One of the interesting presentations I attended at Critical Communications World 2026 was on SWEN, the Swedish Emergency Network, being developed by the Swedish Civil Defence and Resilience Agency.

Like many European countries, Sweden is preparing for the transition from an existing narrowband TETRA network to a new generation of mission-critical broadband communications. Sweden’s current Rakel network has provided critical communications for emergency services and other public safety organisations for many years, but the future requires much more than reliable push-to-talk voice.

What caught my attention during the presentation was that SWEN is far more than simply replacing TETRA radios with 4G and 5G devices.

The programme is bringing together commercial mobile networks, dedicated spectrum, reinforced coverage, temporary and deployable coverage, mission-critical services, new devices and a long-term migration strategy.

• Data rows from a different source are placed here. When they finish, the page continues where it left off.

(* If $p$ is a prime number, then $J_{p-1}=2$, i.e. the only vectors $(\delta_0,\ldots,\delta_{p-1})\in\{-1,1\}^{p}$ with $\sum_{i=0}^{p-1}\delta_i\binom{p-1}{i}=0$ are $\delta_i=(-1)^i$ for all $i$ and $\delta_i=-(-1)^i$ for all $i$.
   Context: $J_n$ denotes the number of vectors $(\delta_0,\ldots,\delta_n)\in\{-1,1\}^{n+1}$ with $\sum_{i=0}^n\delta_i\binom{n}{i}=0$. *)

theory Defs
  imports Main "HOL-Computational_Algebra.Primes"
begin

text \<open>Sign vectors (delta_0,...,delta_n) in {-1,1}^(n+1), represented as functions
  nat => int that are -1 or 1 on {0..n} and 0 (fixed default) outside.\<close>
definition sign_vectors :: "nat \<Rightarrow> (nat \<Rightarrow> int) set" where
  "sign_vectors n = {d. (\<forall>i\<in>{0..n}. d i \<in> {-1, 1}) \<and> (\<forall>i. i > n \<longrightarrow> d i = 0)}"

definition J_set :: "nat \<Rightarrow> (nat \<Rightarrow> int) set" where
  "J_set n = {d \<in> sign_vectors n. (\<Sum>i=0..n. d i * int (n choose i)) = 0}"

definition J :: "nat \<Rightarrow> nat" where
  "J n = card (J_set n)"

end

theory Submission
  imports Defs "HOL-Number_Theory.Cong"
begin

text \<open>Since \<open>(p-1 choose i) \<equiv> (-1)^i (mod p)\<close>, a vector \<open>d\<close> in \<open>J_set (p-1)\<close> yields
  \<open>p dvd S\<close> for \<open>S = \<Sum>i. d i * (-1)^i\<close>, a sum of \<open>p\<close> signs. Hence \<open>|S| \<le> p\<close>, and \<open>S \<noteq> 0\<close>
  (by parity for odd \<open>p\<close>, directly for \<open>p = 2\<close>), so \<open>S = \<plusminus>p\<close>, which forces all the signs
  \<open>d i * (-1)^i\<close> to agree.\<close>

lemma choose_pred_prime_cong:
  assumes "prime p" "i < p"
  shows "[int ((p - 1) choose i) = (-1) ^ i] (mod int p)"
  using assms(2)
proof (induction i)
  case 0
  then show ?case by simp
next
  case (Suc i)
  have "p = Suc (p - 1)"
    using Suc.prems by simp
  then have pascal: "int (p choose Suc i) = int ((p - 1) choose i) + int ((p - 1) choose Suc i)"
    by (metis binomial_Suc_Suc of_nat_add)
  have "[int (p choose Suc i) = 0] (mod int p)"
    using dvd_choose_prime[of "Suc i" p] Suc.prems assms(1)
    by (simp add: cong_0_iff flip: of_nat_dvd_iff)
  with pascal have "[int ((p - 1) choose Suc i) = - int ((p - 1) choose i)] (mod int p)"
    by (simp add: cong_iff_dvd_diff dvd_minus_iff add.commute)
  also have "[- int ((p - 1) choose i) = - ((-1) ^ i)] (mod int p)"
    using Suc by (intro cong_minus_minus_iff[THEN iffD2]) simp
  finally show ?case by simp
qed

lemma sum_choose_pred_prime_cong:
  assumes "prime p"
  shows "[(\<Sum>i=0..p - 1. d i * int ((p - 1) choose i)) = (\<Sum>i=0..p - 1. d i * (-1) ^ i)] (mod int p)"
proof (intro cong_sum cong_scalar_left)
  fix i
  assume "i \<in> {0..p - 1}"
  with prime_gt_0_nat[OF assms] have "i < p"
    by auto
  then show "[int ((p - 1) choose i) = (-1) ^ i] (mod int p)"
    by (rule choose_pred_prime_cong[OF assms])
qed

lemma abs_sum_signs_le_card:
  assumes "\<forall>i\<in>A. e i \<in> {-1, 1::int}"
  shows "\<bar>sum e A\<bar> \<le> int (card A)"
proof -
  have "\<bar>sum e A\<bar> \<le> (\<Sum>i\<in>A. \<bar>e i\<bar>)"
    by (rule sum_abs)
  also have "\<dots> = int (card A)"
    using assms by (subst sum.cong[of A A _ "\<lambda>_. 1"]) auto
  finally show ?thesis .
qed

lemma sum_signs_eq_card_iff:
  assumes "finite A" "\<forall>i\<in>A. e i \<in> {-1, 1::int}"
  shows "sum e A = int (card A) \<longleftrightarrow> (\<forall>i\<in>A. e i = 1)"
proof -
  have "sum e A = int (card A) \<longleftrightarrow> (\<Sum>i\<in>A. 1 - e i) = 0"
    by (auto simp: sum_subtractf)
  also have "\<dots> \<longleftrightarrow> (\<forall>i\<in>A. e i = 1)"
    using assms by (subst sum_nonneg_eq_0_iff) auto
  finally show ?thesis .
qed

lemma even_sum_signs_add_card:
  assumes "\<forall>i\<in>A. e i \<in> {-1, 1::int}"
  shows "even (sum e A + int (card A))"
proof -
  have "sum e A + int (card A) = (\<Sum>i\<in>A. e i + 1)"
    by (simp add: sum.distrib)
  also have "even \<dots>"
    using assms by (intro dvd_sum) auto
  finally show ?thesis .
qed

lemma signs_constant_if_abs_sum_eq_card:
  assumes "finite A" and signs: "\<forall>i\<in>A. e i \<in> {-1, 1::int}"
    and "\<bar>sum e A\<bar> = int (card A)"
  obtains c where "c \<in> {-1, 1}" "\<forall>i\<in>A. e i = c"
proof (cases "sum e A \<ge> 0")
  case True
  with assms(3) have "sum e A = int (card A)"
    by simp
  with sum_signs_eq_card_iff[OF assms(1) signs] have "\<forall>i\<in>A. e i = 1"
    by (rule iffD1)
  then show ?thesis
    by (rule that[rotated]) simp
next
  case False
  have neg_signs: "\<forall>i\<in>A. - e i \<in> {-1, 1}"
    using signs by auto
  from False assms(3) have "sum (\<lambda>i. - e i) A = int (card A)"
    by (simp add: sum_negf)
  with sum_signs_eq_card_iff[OF assms(1) neg_signs] have "\<forall>i\<in>A. - e i = 1"
    by (rule iffD1)
  then have "\<forall>i\<in>A. e i = -1"
    by auto
  then show ?thesis
    by (rule that[rotated]) simp
qed

lemma abs_eq_if_dvd_nonzero_abs_le:
  fixes m s :: int
  assumes "m dvd s" "s \<noteq> 0" "\<bar>s\<bar> \<le> m"
  shows "\<bar>s\<bar> = m"
proof -
  obtain k where k: "s = m * k"
    using assms(1) by blast
  have "m > 0"
    using assms(2,3) by simp
  with k assms(3) have "m * \<bar>k\<bar> \<le> m"
    by (simp add: abs_mult)
  with \<open>m > 0\<close> have "\<bar>k\<bar> \<le> 1"
    by (simp add: mult_le_cancel_left1)
  moreover have "k \<noteq> 0"
    using k assms(2) by simp
  ultimately have "\<bar>k\<bar> = 1"
    by linarith
  with k \<open>m > 0\<close> show ?thesis
    by (simp add: abs_mult)
qed

lemma alternating_sign_vector_in_J_set:
  assumes "n > 0" "c \<in> {-1, 1}"
  shows "(\<lambda>i. if i \<le> n then c * (-1) ^ i else 0) \<in> J_set n"
proof -
  have "(\<Sum>i=0..n. c * (-1) ^ i * int (n choose i)) = c * (\<Sum>i\<le>n. (-1) ^ i * int (n choose i))"
    by (simp add: sum_distrib_left atLeast0AtMost mult.assoc)
  also have "\<dots> = 0"
    using choose_alternating_sum[OF assms(1), where 'a=int] by simp
  finally show ?thesis
    using assms(2) by (auto simp: J_set_def sign_vectors_def minus_one_power_iff)
qed

lemma J_set_prime_pred_alternating:
  assumes p: "prime p" and d: "d \<in> J_set (p - 1)"
  obtains c where "c \<in> {-1, 1}" "d = (\<lambda>i. if i \<le> p - 1 then c * (-1) ^ i else 0)"
proof -
  define n where "n = p - 1"
  have p_gt: "p > 1"
    using p prime_gt_1_nat by blast
  have signs: "\<forall>i\<in>{0..n}. d i \<in> {-1, 1}" and zero: "\<forall>i>n. d i = 0"
    and balanced: "(\<Sum>i=0..n. d i * int (n choose i)) = 0"
    using d unfolding J_set_def sign_vectors_def n_def by auto
  define e where "e i = d i * (-1) ^ i" for i
  define S where "S = sum e {0..n}"
  have e_signs: "\<forall>i\<in>{0..n}. e i \<in> {-1, 1}"
    using signs by (auto simp: e_def minus_one_power_iff)
  have card: "card {0..n} = p"
    using p_gt by (simp add: n_def)
  have "int p dvd S"
    using sum_choose_pred_prime_cong[OF p, of d] balanced
    unfolding S_def e_def n_def by (metis cong_0_iff cong_sym)
  moreover have "S \<noteq> 0"
  proof (cases "p = 2")
    case True
    then have "n = 1"
      by (simp add: n_def)
    moreover have "d 0 \<in> {-1, 1}"
      using signs by simp
    ultimately show ?thesis
      using balanced by (auto simp: S_def e_def)
  next
    case False
    then have "odd p"
      using p prime_odd_nat p_gt by auto
    moreover have "even (S + int p)"
      using even_sum_signs_add_card[OF e_signs] by (simp only: S_def card)
    ultimately show ?thesis
      by auto
  qed
  moreover have "\<bar>S\<bar> \<le> int p"
    using abs_sum_signs_le_card[OF e_signs] by (simp only: S_def card)
  ultimately have "\<bar>sum e {0..n}\<bar> = int (card {0..n})"
    unfolding card S_def by (rule abs_eq_if_dvd_nonzero_abs_le)
  then obtain c where c: "c \<in> {-1, 1}" "\<forall>i\<in>{0..n}. e i = c"
    using signs_constant_if_abs_sum_eq_card[OF finite_atLeastAtMost e_signs] by blast
  have "d = (\<lambda>i. if i \<le> n then c * (-1) ^ i else 0)"
  proof
    fix i
    show "d i = (if i \<le> n then c * (-1) ^ i else 0)"
      using c zero by (cases "i \<le> n") (auto simp: e_def minus_one_power_iff split: if_splits)
  qed
  with c that show ?thesis
    by (simp add: n_def)
qed

theorem theorem6:
  fixes p :: nat
  assumes "prime p"
  shows "J (p - 1) = 2 \<and>
    J_set (p - 1) = {(\<lambda>i. if i \<le> p - 1 then (-1) ^ i else 0),
                     (\<lambda>i. if i \<le> p - 1 then - ((-1) ^ i) else 0)}"
proof -
  let ?alt = "\<lambda>c i. if i \<le> p - 1 then c * (-1) ^ i else 0 :: int"
  let ?pos = "\<lambda>i. if i \<le> p - 1 then (-1) ^ i else 0 :: int"
  let ?neg = "\<lambda>i. if i \<le> p - 1 then - ((-1) ^ i) else 0 :: int"
  have alt: "?alt 1 = ?pos" "?alt (-1) = ?neg"
    by auto
  have "p - 1 > 0"
    using assms prime_gt_1_nat by fastforce
  then have "?alt 1 \<in> J_set (p - 1)" "?alt (-1) \<in> J_set (p - 1)"
    by (simp_all add: alternating_sign_vector_in_J_set del: mult_1 mult_minus1)
  then have "?pos \<in> J_set (p - 1)" "?neg \<in> J_set (p - 1)"
    unfolding alt .
  moreover have "d = ?pos \<or> d = ?neg" if "d \<in> J_set (p - 1)" for d
    using J_set_prime_pred_alternating[OF assms that] alt by blast
  ultimately have "J_set (p - 1) = {?pos, ?neg}"
    by blast
  moreover have "?pos \<noteq> ?neg"
    by (metis zero_le one_neq_neg_one power_0)
  ultimately show ?thesis
    by (simp add: J_def)
qed

end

Just as importantly, it is being developed in close cooperation with the organisations and users that will eventually depend on it.

The result is one of the more interesting next-generation public safety broadband programmes currently taking shape in Europe.

The Swedish Civil Defence and Resilience Agency presenting an update on SWEN at Critical Communications World 2026. Photo: Zahid Ghadialy.

The context behind SWEN is also worth understanding. The Swedish Civil Defence and Resilience Agency has responsibility for helping society prepare for crises, heightened alert and war. Its remit goes well beyond everyday emergency response and includes broader national resilience and civil defence.

This is important because the new communications system is not being dimensioned simply for normal conditions. It must also support society during major incidents, prolonged disruption and situations in which commercial networks may be heavily congested or damaged.

The need for broadband is becoming increasingly obvious.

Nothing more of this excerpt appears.